E o desejo de dominação e sofrimento não seria algo que, ao menos em parte, explicaria a atual admiração pelo governo chinês?

A China tem um governo absolutamente ditatorial, sendo inclusive o governo mais assassino de toda a história. Na atualidade, realiza um política brutal de controle da natalidade que implica no assassinato de milhões de bebês. Silencia a imprensa, condenando à prisão, repórteres, acusando-os de perturbadores da ordem por terem divulgado fotos da situação da pandemia em Wuhan. Além disso, não resta dúvida de que a pandemia começou na China. Embora não se saiba se sua propagação foi uma falha ou algo proposital, é fato que produziu um enorme mal. Entretanto a sociedade moderna vê o comunismo chinês como humanizado e interessado no bem comum, colocando muita esperança nas vacinas chinesas.

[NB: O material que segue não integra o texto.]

(* Along every trajectory of the Physarum dynamics, the potential difference $\Delta(t)=p_{s_0}(t)-p_{s_1}(t)$ converges to $L^*$, the length of a shortest $s_0$-$s_1$ path in $G$.
   Context: Let $G=(N,E)$ be a finite connected undirected graph with two distinct vertices $s_0$ (source) and $s_1$ (sink). Each edge $e$ has a fixed length $L_e>0$. Each edge has a time-dependent diameter $D_e(t)$ with $D_e(0)>0$, and resistance $R_e=L_e/D_e$. At each time $t$, the vertex potentials $p_v$ (normalized by $p_{s_1}=0$) are the solution of $\sum_{u\in\delta(v)}(p_v-p_u)/R_{uv}=b_v$ for all $v$, where $\delta(v)$ is the set of neighbours of $v$, $b_{s_0}=1$, $b_{s_1}=-1$, $b_v=0$ otherwise; for an edge $e=\{u,v\}$ with an arbitrarily fixed orientation $(u,v)$ the current is $Q_e=(p_u-p_v)/R_e=D_e(p_u-p_v)/L_e$. The diameters evolve by $\dot D_e(t)=|Q_e(t)|-D_e(t)$ for all $e\in E$ (the "Physarum dynamics"). The length of a path is the sum of $L_e$ over its edges. *)

theory Defs
  imports "HOL-Analysis.Analysis"
begin

definition undirected_graph :: "'v set \<Rightarrow> 'v set set \<Rightarrow> bool" where
  "undirected_graph N E \<longleftrightarrow> finite N \<and> (\<forall>e\<in>E. \<exists>u v. e = {u, v} \<and> u \<in> N \<and> v \<in> N \<and> u \<noteq> v)"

Para concluir podemos perguntar qual a consequência desse pensamento moderno.

Há quem afirme que o Anticristo não será considerado deus por ter uma ação benéfica como foi a de Nosso Senhor, ou seja, curando doentes e fazendo o bem, mas o culto que lhe será prestado terá como base o mal que ele fará a humanidade. A tese parece bastante razoável porque o demônio não dá o que promete e não deseja nem mesmo a felicidade material do homem. Assim, o desejo de sofrer produzido por um fastídio do prazer seria mais uma característica do Anticristo presente em nossa sociedade.

Mais do que nunca, devemos dar atenção às palavras de Bento XVI:


“Em 1794, no livro « Das Ende aller Dinge » (O fim de todas as coisas), aparece uma imagem diferente. Agora, Kant toma em consideração a possibilidade de que, a par do fim natural de todas as coisas, se verifique também um fim contrário à natureza, perverso. Escreve a tal respeito: «Se acontecesse um dia chegar o cristianismo a não ser mais digno de amor, então o pensamento dominante dos homens deveria tomar a forma de rejeição e de oposição contra ele; e o anticristo [...] inauguraria o seu regime, mesmo que breve, (baseado presumivelmente sobre o medo e o egoísmo). Em seguida, porém, visto que o cristianismo, embora destinado a ser a religião universal, de fato não teria sido ajudado pelo destino a sê-lo, poderia verificar-se, sob o aspecto moral, o fim (perverso) de todas as coisas».[18] (Bento XVI, Spe salvi, n0 19).